Cautionary Statements Regarding Bankruptcy Proceedings
As previously disclosed on Form 8-K filed with the SEC on August 6, 2015, after the closing of the Purchase and Sale Agreements authorized by the Bankruptcy Court and described therein, the Company has no further business operations. The only remaining assets to liquidate are non-operating assets consisting of the three GE LM 6000 PD gas fired turbine packaged power units, which have been transferred from a subsidiary to the Company in preparation for sale and liquidation. The Amended Plan of Liquidation has been approved. It is expected that the Amended Plan of Liquidation will become effective before year end 2015.
Following the Effective Date, all of the Company’s remaining assets will be liquidated and the Company will be dissolved. As a result of the Confirmation Order, the holders of the Company’s capital stock will receive no distribution on account of their interests and cancellation of their existing stock. Accordingly, even though the Company’s common stock may continue to be quoted on the OTC Pink Marketplace, it has no underlying asset value and the Company’s shareholders should not view the trading activity of its common stock on the OTC Pink Marketplace or any other market or trading platform as being indicative of the value the Company’s shareholders will receive, if any, as part of the Bankruptcy Case or in connection with any liquidation.

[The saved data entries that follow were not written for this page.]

(* Let $f\in C^1[0,1]$ with $f(0)=0$, $h:=f'$, $q$ satisfying (q), and let $c^*$ be the threshold for $(P^{00}_c)$. For every $c>c^*$ there exists $\beta=\beta(c)<0$ with $\beta(c)\ge f(1)-c$ such that, for $b<0$, problem $(P_c)$ admits a solution $z$ with $z(1)=b$ if and only if $b\ge\beta(c)$; moreover such a solution is unique.
   Context: Condition (q): $q\in C[0,1]$, $q>0$ on $(0,1)$, $q(0)=q(1)=0$, and $\limsup_{\varphi\to0^+}q(\varphi)/\varphi<+\infty$. For $c\in\mathbb R$, a solution of problem $(P_c)$ is a function $z\in C[0,1]\cap C^1(0,1)$ with $\dot z(\varphi)=h(\varphi)-c-q(\varphi)/z(\varphi)$ and $z(\varphi)<0$ for all $\varphi\in(0,1)$, and $z(0)=0$. A solution of $(P^{00}_c)$ is a solution of $(P_c)$ which also satisfies $z(1)=0$. $c^*$ denotes the real number such that $(P^{00}_c)$ has a solution iff $c\ge c^*$ (that solution being unique). *)

theory Defs
  imports "HOL-Analysis.Analysis"
begin

definition cond_q :: "(real \<Rightarrow> real) \<Rightarrow> bool" where
  "cond_q q \<longleftrightarrow> continuous_on {0..1} q \<and> (\<forall>x\<in>{0<..<1}. q x > 0) \<and> q 0 = 0 \<and> q 1 = 0 \<and>
     Limsup (at_right 0) (\<lambda>x. ereal (q x / x)) < \<infinity>"

definition sol_P :: "(real \<Rightarrow> real) \<Rightarrow> (real \<Rightarrow> real) \<Rightarrow> real \<Rightarrow> (real \<Rightarrow> real) \<Rightarrow> bool" where
  "sol_P h q c z \<longleftrightarrow> continuous_on {0..1} z \<and>
     (\<exists>z'. continuous_on {0<..<1} z' \<and>
        (\<forall>x\<in>{0<..<1}. (z has_real_derivative z' x) (at x) \<and> z' x = h x - c - q x / z x)) \<and>
     (\<forall>x\<in>{0<..<1}. z x < 0) \<and> z 0 = 0"

definition sol_P00 :: "(real \<Rightarrow> real) \<Rightarrow> (real \<Rightarrow> real) \<Rightarrow> real \<Rightarrow> (real \<Rightarrow> real) \<Rightarrow> bool" where
  "sol_P00 h q c z \<longleftrightarrow> sol_P h q c z \<and> z 1 = 0"

end

theory Submission
  imports Defs
begin

text \<open>Write (E_c) for \<open>z' = h - c - q / z\<close>. The difference of two solutions of (E_c) that are
  negative on \<open>[t, 1]\<close> solves a linear equation with nonnegative coefficient \<open>q / (z\<^sub>1 z\<^sub>2)\<close>, so
  such solutions are ordered like their values at \<open>1\<close>, and \<open>|z\<^sub>1 - z\<^sub>2|\<close> only shrinks to the left;
  in particular a solution of (P_c) is determined by \<open>z(1)\<close>. Every \<open>b < 0\<close> is the value at \<open>1\<close> of a
  negative solution on \<open>(0, 1]\<close>, obtained backwards by Picard iteration, and this solution solves
  (P_c) iff it tends to \<open>0\<close> at \<open>0\<close>. Comparing it with solutions of (P_c) shows that the admissible
  values \<open>b\<close> form an interval \<open>[\<beta>, 0)\<close> that contains its infimum. The interval is nonempty
  because, for \<open>c > c\<^sup>*\<close>, a backward solution of (E_c) gets above the solution of (P00) at speed
  \<open>c\<^sup>*\<close> and then stays above it; and \<open>\<beta> \<ge> f(1) - c\<close> because \<open>z - f + c x\<close> is nondecreasing.\<close>

section \<open>Terminal value problems and comparison principles\<close>

lemma integral_exp_decay:
  fixes k :: real
  assumes "k \<noteq> 0" "\<tau> \<le> b"
  shows "integral {\<tau>..b} (\<lambda>s. exp (k * (b - s))) = (exp (k * (b - \<tau>)) - 1) / k"
proof -
  have "((\<lambda>s. exp (k * (b - s))) has_integral
      (\<lambda>s. - exp (k * (b - s)) / k) b - (\<lambda>s. - exp (k * (b - s)) / k) \<tau>) {\<tau>..b}"
    by (rule fundamental_theorem_of_calculus[OF assms(2)])
      (use assms(1) in \<open>auto intro!: derivative_eq_intros
         simp: has_real_derivative_iff_has_vector_derivative[symmetric] field_simps\<close>)
  then show ?thesis
    using assms(1) by (simp add: integral_unique field_simps)
qed

lemma integral_diff_le_exp_weight:
  fixes f g :: "real \<Rightarrow> real"
  assumes "L > 0" "\<tau> \<le> b" "continuous_on {\<tau>..b} f" "continuous_on {\<tau>..b} g"
    and bound: "\<And>s. s \<in> {\<tau>..b} \<Longrightarrow> \<bar>f s - g s\<bar> \<le> L * d * exp (2 * L * (b - s))"
  shows "\<bar>integral {\<tau>..b} f - integral {\<tau>..b} g\<bar> \<le> d / 2 * exp (2 * L * (b - \<tau>))"
proof -
  have "0 \<le> L * d"
    using bound[of b] assms(2) by simp
  then have d: "0 \<le> d" using \<open>L > 0\<close> by (simp add: zero_le_mult_iff)
  have "\<bar>integral {\<tau>..b} f - integral {\<tau>..b} g\<bar> = norm (integral {\<tau>..b} (\<lambda>s. f s - g s))"
    using assms(3,4) by (simp add: integral_diff integrable_continuous_real)
  also have "\<dots> \<le> integral {\<tau>..b} (\<lambda>s. L * d * exp (2 * L * (b - s)))"
    using assms(3,4) bound
    by (intro integral_norm_bound_integral integrable_continuous_real continuous_intros) auto
  also have "\<dots> = d / 2 * (exp (2 * L * (b - \<tau>)) - 1)"
    using integral_exp_decay[of "2 * L" \<tau> b] assms(1,2) by simp
  also have "\<dots> \<le> d / 2 * exp (2 * L * (b - \<tau>))"
    using d by (simp add: mult_left_mono)
  finally show ?thesis .
qed
text \<open>Defining relators of HCl_n(0) (each relation written as "lhs - rhs").\<close>
definition hcl_relators :: "nat \<Rightarrow> elem set" where
  "hcl_relators n =
     {padd (wd [T i, T i]) (wd [T i]) | i. 1 \<le> i \<and> i < n}
   \<union> {psub (wd [T i, T j]) (wd [T j, T i]) | i j.
        1 \<le> i \<and> i < n \<and> 1 \<le> j \<and> j < n \<and> (i + 1 < j \<or> j + 1 < i)}
   \<union> {psub (wd [T i, T (i+1), T i]) (wd [T (i+1), T i, T (i+1)]) | i. 1 \<le> i \<and> i + 1 < n}
   \<union> {padd (wd [C i, C j]) (wd [C j, C i]) | i j.
        1 \<le> i \<and> i \<le> n \<and> 1 \<le> j \<and> j \<le> n \<and> i \<noteq> j}
   \<union> {padd (wd [C i, C i]) (wd []) | i. 1 \<le> i \<and> i \<le> n}
   \<union> {psub (wd [T i, C j]) (wd [C j, T i]) | i j.
        1 \<le> i \<and> i < n \<and> 1 \<le> j \<and> j \<le> n \<and> j \<noteq> i \<and> j \<noteq> i + 1}
   \<union> {psub (wd [T i, C i]) (wd [C (i+1), T i]) | i. 1 \<le> i \<and> i < n}
   \<union> {psub (padd (wd [T i, C (i+1)]) (wd [C (i+1)])) (padd (wd [C i, T i]) (wd [C i])) | i.
        1 \<le> i \<and> i < n}"
lemma edges_at:
  assumes v: "v \<subseteq> X"
  shows "{e\<in>edges. v \<in> e \<and> P e} = (\<lambda>d. {v, symdiff v d}) ` {d\<in>D. P {v, symdiff v d}}"
proof (rule set_eqI, rule iffI)
  fix e assume e: "e \<in> {e\<in>edges. v \<in> e \<and> P e}"
  then have "e \<in> edges" by simp
  then obtain A B where AB: "e = {A, B}" "A \<noteq> B" by (rule edgesE)
  have "v \<in> e" "P e" using e by simp_all
  then have "v = A \<or> v = B" using AB by simp
  then obtain w where w: "e = {v, w}" using AB by (metis insert_commute)
  have "{v, w} \<in> edges" using \<open>e \<in> edges\<close> w by simp
  then have sD: "symdiff v w \<in> D" using doubleton_in_edges_iff by blast
  have "e = {v, symdiff v (symdiff v w)}" using w by simp
  moreover have "P {v, symdiff v (symdiff v w)}" using \<open>P e\<close> w by simp
  ultimately show "e \<in> (\<lambda>d. {v, symdiff v d}) ` {d\<in>D. P {v, symdiff v d}}" using sD by blast
next
  fix e assume "e \<in> (\<lambda>d. {v, symdiff v d}) ` {d\<in>D. P {v, symdiff v d}}"
  then obtain d where d: "d \<in> D" "P {v, symdiff v d}" "e = {v, symdiff v d}" by auto
  have "symdiff v d \<subseteq> X" using d D_Pow v symdiff_subset by blast
  then have "{v, symdiff v d} \<in> edges" using doubleton_in_edges_iff d v by simp
  then show "e \<in> {e\<in>edges. v \<in> e \<and> P e}" using d by auto
qed

lemma inj_on_edge_at: "inj_on (\<lambda>d. {v, symdiff v d}) D"
proof (rule inj_onI)
  fix d d' assume d: "d \<in> D" "d' \<in> D" and eq: "{v, symdiff v d} = {v, symdiff v d'}"
  have "symdiff v d \<noteq> v" "symdiff v d' \<noteq> v" using symdiff_generator_neq d by auto
  then have "symdiff v d = symdiff v d'" using eq by (metis doubleton_eq_iff)
  then have "symdiff v (symdiff v d) = symdiff v (symdiff v d')" by simp
  then show "d = d'" by (simp only: symdiff_cancel_left)
qed

lemma card_edges_at:
  assumes "v \<subseteq> X"
  shows "card {e\<in>edges. v \<in> e \<and> P e} = card {d\<in>D. P {v, symdiff v d}}"
proof -
  have "card {e\<in>edges. v \<in> e \<and> P e} = card ((\<lambda>d. {v, symdiff v d}) ` {d\<in>D. P {v, symdiff v d}})"
    using edges_at[OF assms] by simp
  also have "\<dots> = card {d\<in>D. P {v, symdiff v d}}"
    by (rule card_image) (rule inj_on_subset[OF inj_on_edge_at], auto)
  finally show ?thesis .
qed
(* Let $p,q$ be positive integers and let $\Phi^*:V^*_{pq}(\mathbb{C})\to\mathbb{C}^{q\times p}$ be the map $\Phi^*\binom{Z_0}{Z_1}=Z_1Z_0^{-1}$, where $Z_0\in\mathbb{C}^{p\times p}$, $Z_1\in\mathbb{C}^{q\times p}$. Then the complex valued components of $\Phi^*$ constitute an orthogonal harmonic family of $\mathbf{GL}_p(\mathbb{C})$-invariant functions on $V^*_{pq}(\mathbb{C})$, equipped with the Euclidean metric.
   Context: $U^*_{pq}(\mathbb{C})=\{\binom{Z_0}{Z_1}\in\mathbb{C}^{(p+q)\times p}: Z_0^*Z_0+Z_1^*Z_1 \text{ invertible}\}$ and $V^*_{pq}(\mathbb{C})=\{\binom{Z_0}{Z_1}\in U^*_{pq}(\mathbb{C}): \det Z_0\neq0\}$. $\mathbf{GL}_p(\mathbb{C})$ acts by right multiplication. The Euclidean metric is $\langle X,Y\rangle=\mathfrak{Re}\,\mathrm{trace}(X^*Y)$. For a Riemannian manifold $(M,g)$ and complex functions $\phi,\psi$, $\tau(\phi)$ is the Laplace–Beltrami operator (extended complex-linearly) and $\kappa(\phi,\psi)=g(\mathrm{grad}\,\phi,\mathrm{grad}\,\psi)$ with $g$ extended complex-bilinearly. A set $\Omega$ of complex functions is an orthogonal harmonic family if $\tau(\phi)=0$ and $\kappa(\phi,\psi)=0$ for all $\phi,\psi\in\Omega$. *)

theory Defs
  imports "HOL-Analysis.Analysis"
begin

text \<open>Complex matrices: a (p+q) x p matrix is an element of complex^'p^('p+'q)
  (rows indexed by 'p + 'q, columns by 'p).\<close>

definition cnj_transpose :: "complex^'n^'m \<Rightarrow> complex^'m^'n" where
  "cnj_transpose A = (\<chi> i j. cnj (A $ j $ i))"

definition upper_block :: "complex^'p::finite^('p + 'q::finite) \<Rightarrow> complex^'p^'p" where
  "upper_block Z = (\<chi> i j. Z $ Inl i $ j)"

definition lower_block :: "complex^'p::finite^('p + 'q::finite) \<Rightarrow> complex^'p^'q" where
  "lower_block Z = (\<chi> k j. Z $ Inr k $ j)"

definition Ustar :: "(complex^'p::finite^('p + 'q::finite)) set" where
  "Ustar = {Z. invertible (cnj_transpose (upper_block Z) ** upper_block Z
                          + cnj_transpose (lower_block Z) ** lower_block Z)}"

definition Vstar :: "(complex^'p::finite^('p + 'q::finite)) set" where
  "Vstar = {Z \<in> Ustar. det (upper_block Z) \<noteq> 0}"

definition Phistar :: "complex^'p::finite^('p + 'q::finite) \<Rightarrow> complex^'p^'q" where
  "Phistar Z = lower_block Z ** matrix_inv (upper_block Z)"

text \<open>Calculus on the Euclidean space (the real inner product on complex^'p^('p+'q)
  is Re trace(X* Y)).  Directional derivative of a complex valued function along v.\<close>

definition dirderiv :: "('a::real_normed_vector \<Rightarrow> complex) \<Rightarrow> 'a \<Rightarrow> 'a \<Rightarrow> complex" where
  "dirderiv f v x = vector_derivative (\<lambda>t::real. f (x + t *\<^sub>R v)) (at 0)"

text \<open>Laplace-Beltrami operator of the flat Euclidean metric (complex-linear extension),
  computed in the orthonormal basis Basis.\<close>
definition tension :: "('a::euclidean_space \<Rightarrow> complex) \<Rightarrow> 'a \<Rightarrow> complex" where
  "tension f x = (\<Sum>b\<in>Basis. dirderiv (\<lambda>y. dirderiv f b y) b x)"

text \<open>kappa(f,g) = g(grad f, grad g), metric extended complex-bilinearly.\<close>
definition conformality :: "('a::euclidean_space \<Rightarrow> complex) \<Rightarrow> ('a \<Rightarrow> complex) \<Rightarrow> 'a \<Rightarrow> complex" where
  "conformality f g x = (\<Sum>b\<in>Basis. dirderiv f b x * dirderiv g b x)"

definition orthogonal_harmonic_family ::
  "'a::euclidean_space set \<Rightarrow> ('a \<Rightarrow> complex) set \<Rightarrow> bool" where
  "orthogonal_harmonic_family M \<Omega> \<longleftrightarrow>
     (\<forall>\<phi>\<in>\<Omega>. \<forall>x\<in>M. tension \<phi> x = 0) \<and>
     (\<forall>\<phi>\<in>\<Omega>. \<forall>\<psi>\<in>\<Omega>. \<forall>x\<in>M. conformality \<phi> \<psi> x = 0)"

definition GL_invariant :: "(complex^'p::finite^('p + 'q::finite)) set \<Rightarrow> (complex^'p^('p + 'q) \<Rightarrow> complex) \<Rightarrow> bool" where
  "GL_invariant M \<phi> \<longleftrightarrow>
     (\<forall>Z\<in>M. \<forall>g::complex^'p^'p. invertible g \<longrightarrow> Z ** g \<in> M \<and> \<phi> (Z ** g) = \<phi> Z)"

end

theory Submission
  imports Defs "HOL-Complex_Analysis.Cauchy_Integral_Formula"
begin

text \<open>Each entry of \<open>Z\<^sub>1 Z\<^sub>0\<^sup>-\<^sup>1\<close> is holomorphic in every single complex matrix entry
  \<open>w\<close> of \<open>Z\<close> near \<open>w = 0\<close>: affine in the entries of \<open>Z\<^sub>1\<close>, and, by the Sherman-Morrison
  formula, rational without a pole near \<open>0\<close> in those of \<open>Z\<^sub>0\<close>. If \<open>h w = f (Z + w E)\<close> is
  holomorphic, the real directional derivatives of \<open>f\<close> along \<open>E\<close> and \<open>i E\<close> are \<open>h'\<close> and
  \<open>i h'\<close>, so in the Laplacian and in \<open>\<kappa>\<close> the two real basis vectors \<open>E\<close>, \<open>i E\<close> of each
  entry contribute \<open>(1 + i\<^sup>2) h''\<close> and \<open>(1 + i\<^sup>2) h' k'\<close>, which vanish. Invariance holds
  because \<open>(Z\<^sub>1 g) (Z\<^sub>0 g)\<^sup>-\<^sup>1 = Z\<^sub>1 Z\<^sub>0\<^sup>-\<^sup>1\<close> and the Gram matrix \<open>Z\<^sup>* Z\<close> becomes
  \<open>g\<^sup>* (Z\<^sup>* Z) g\<close>.\<close>

definition single_entry :: "'a::finite \<Rightarrow> 'b::finite \<Rightarrow> 'c::zero \<Rightarrow> 'c^'b^'a" where
  "single_entry r c w = axis r (axis c w)"

lemma single_entry_nth: "single_entry r c w $ k $ l = (if k = r \<and> l = c then w else 0)"
  by (simp add: single_entry_def axis_def)

lemma linear_single_entry: "linear (single_entry r c :: complex \<Rightarrow> complex^'b::finite^'a::finite)"
  by (rule linearI) (simp_all add: vec_eq_iff single_entry_nth)

lemma single_entry_matrix_mult_nth:
  fixes B :: "'a::semiring_1^'m::finite^'n::finite"
  shows "(single_entry i c w ** B) $ k $ j = (if k = i then w * B$c$j else 0)"
  by (cases "k = i")
    (simp_all add: matrix_matrix_mult_def single_entry_nth if_distrib[of "\<lambda>x. x * _"] cong: if_cong)

lemma linear_of_real_mult:
  assumes "linear L"
  shows "L (of_real t * u) = t *\<^sub>R L u"
  using linear_cmul[OF assms, of t u] by (simp add: scaleR_conv_of_real)

lemma dirderiv_along_holomorphic_line:
  fixes f :: "'v::real_normed_vector \<Rightarrow> complex"
  assumes L: "linear L" and h: "(\<lambda>w. f (x + L w)) holomorphic_on ball 0 e" and s: "s \<in> ball 0 e"
  shows "dirderiv f (L u) (x + L s) = u * deriv (\<lambda>w. f (x + L w)) s"
proof -
  let ?h = "\<lambda>w. f (x + L w)"
  have "(?h has_field_derivative deriv ?h s) (at s)"
    using h s
    by (meson DERIV_deriv_iff_field_differentiable holomorphic_on_imp_differentiable_at open_ball)
  moreover have "((\<lambda>t::real. s + of_real t * u) has_vector_derivative u) (at 0)"
    by (auto intro!: derivative_eq_intros simp: has_vector_derivative_def scaleR_conv_of_real)
  ultimately have "((?h \<circ> (\<lambda>t::real. s + of_real t * u)) has_vector_derivative u * deriv ?h s) (at 0)"
    by (intro field_vector_diff_chain_at) simp_all
  moreover have "?h \<circ> (\<lambda>t::real. s + of_real t * u) = (\<lambda>t. f (x + L s + t *\<^sub>R L u))"
    by (simp add: o_def add.assoc linear_add[OF L] linear_of_real_mult[OF L])
  ultimately show ?thesis
    unfolding dirderiv_def by (simp add: vector_derivative_at)
qed

lemma second_dirderiv_along_holomorphic_line:
  fixes f :: "'v::real_normed_vector \<Rightarrow> complex"
  assumes L: "linear L" and h: "(\<lambda>w. f (x + L w)) holomorphic_on ball 0 e" and "e > 0"
  shows "dirderiv (dirderiv f (L u)) (L u) x = u\<^sup>2 * deriv (deriv (\<lambda>w. f (x + L w))) 0"
proof -
  let ?h = "\<lambda>w. f (x + L w)"
  let ?S = "(\<lambda>t::real. of_real t * u) -` ball 0 e"
  have "(deriv ?h has_field_derivative deriv (deriv ?h) 0) (at 0)"
    using holomorphic_deriv[OF h] \<open>e > 0\<close>
    by (meson DERIV_deriv_iff_field_differentiable holomorphic_on_imp_differentiable_at
        open_ball centre_in_ball)
  moreover have "((\<lambda>t::real. of_real t * u) has_vector_derivative u) (at 0)"
    by (auto intro!: derivative_eq_intros simp: has_vector_derivative_def scaleR_conv_of_real)
  ultimately have "((deriv ?h \<circ> (\<lambda>t::real. of_real t * u)) has_vector_derivative u * deriv (deriv ?h) 0) (at 0)"
    by (intro field_vector_diff_chain_at) simp_all
  from has_vector_derivative_mult_right[OF this, of u]
  have "((\<lambda>t. u * deriv ?h (of_real t * u)) has_vector_derivative u\<^sup>2 * deriv (deriv ?h) 0) (at 0)"
    by (simp add: o_def power2_eq_square mult.assoc)
  moreover have "open ?S"
    by (intro continuous_open_vimage) (auto intro!: continuous_intros)
  moreover have "0 \<in> ?S"
    using \<open>e > 0\<close> by simp
  moreover have "u * deriv ?h (of_real t * u) = dirderiv f (L u) (x + t *\<^sub>R L u)" if "t \<in> ?S" for t
    using dirderiv_along_holomorphic_line[OF L h, of "of_real t * u" u] that
    by (simp add: linear_of_real_mult[OF L])
  ultimately have "((\<lambda>t. dirderiv f (L u) (x + t *\<^sub>R L u)) has_vector_derivative u\<^sup>2 * deriv (deriv ?h) 0) (at 0)"
    by (rule has_vector_derivative_transform_within_open)
  then show ?thesis
    unfolding dirderiv_def[of "dirderiv f (L u)"] by (simp add: vector_derivative_at)
qed

lemma Basis_matrix:
  "(Basis :: (complex^'b::finite^'a::finite) set)
     = (\<lambda>(r, c, u). single_entry r c u) ` (UNIV \<times> UNIV \<times> {1, \<i>})"
  by (rule set_eqI) (simp add: Basis_vec_def Basis_complex_def single_entry_def image_iff)

lemma sum_Basis_matrix:
  "(\<Sum>b\<in>(Basis :: (complex^'b::finite^'a::finite) set). F b)
     = (\<Sum>r\<in>UNIV. \<Sum>c\<in>UNIV. F (single_entry r c 1) + F (single_entry r c \<i>))"
proof -
  have "inj_on (\<lambda>(r, c, u). single_entry r c u :: complex^'b^'a) (UNIV \<times> UNIV \<times> {1, \<i>})"
    by (auto simp: inj_on_def single_entry_def axis_eq_axis)
  then have "(\<Sum>b\<in>(Basis :: (complex^'b^'a) set). F b)
      = (\<Sum>(r, c, u)\<in>UNIV \<times> UNIV \<times> {1, \<i>}. F (single_entry r c u))"
    unfolding Basis_matrix by (subst sum.reindex) (simp_all add: case_prod_beta o_def)
  also have "\<dots> = (\<Sum>r\<in>UNIV. \<Sum>(c, u)\<in>UNIV \<times> {1, \<i>}. F (single_entry r c u))"
    by (subst sum.cartesian_product[symmetric]) (simp add: case_prod_beta)
  also have "\<dots> = (\<Sum>r\<in>UNIV. \<Sum>c\<in>UNIV. \<Sum>u\<in>{1, \<i>}. F (single_entry r c u))"
    by (subst sum.cartesian_product[symmetric]) (simp add: case_prod_beta)
  finally show ?thesis
    by simp
qed

definition holomorphic_along_entries ::
    "(complex^'b::finite^'a::finite \<Rightarrow> complex) \<Rightarrow> complex^'b^'a \<Rightarrow> bool" where
  "holomorphic_along_entries f x \<longleftrightarrow>
     (\<forall>r c. \<exists>e>0. (\<lambda>w. f (x + single_entry r c w)) holomorphic_on ball 0 e)"

lemma tension_eq_0_if_holomorphic_along_entries:
  assumes "holomorphic_along_entries f x"
  shows "tension f x = 0"
proof -
  have "dirderiv (dirderiv f (single_entry r c 1)) (single_entry r c 1) x
      + dirderiv (dirderiv f (single_entry r c \<i>)) (single_entry r c \<i>) x = 0" for r c
  proof -
    obtain e where "e > 0" and h: "(\<lambda>w. f (x + single_entry r c w)) holomorphic_on ball 0 e"
      using assms unfolding holomorphic_along_entries_def by blast
    show ?thesis
      using second_dirderiv_along_holomorphic_line[OF linear_single_entry h \<open>e > 0\<close>] by simp
  qed
  then show ?thesis
    unfolding tension_def sum_Basis_matrix by simp
qed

Ongoing Reporting to Shareholders
The Company has suspended and plans to continue to suspend the filing of its regular SEC periodic reports on Forms 10-Q and 10-K given the Company has ceased to have an operating business based on the facts described above, and the likelihood that shareholders will receive no value for their shares. The Company will, however, continue filing Forms 8-K with respect to material developments concerning the Company until it has disposed of all remaining assets and is dissolved, as expected under state law. In connection with the Confirmation Order, the Company intends to file a Form 15 with the Securities and Exchange Commission to terminate the registration of its common stock under Section 12(g) of the Securities Exchange Act of 1934, as amended (the"Exchange Act") and suspend its reporting obligations thereunder. Upon filing a Form 15, the Company will immediately cease filing any further periodic reports under the Exchange Act.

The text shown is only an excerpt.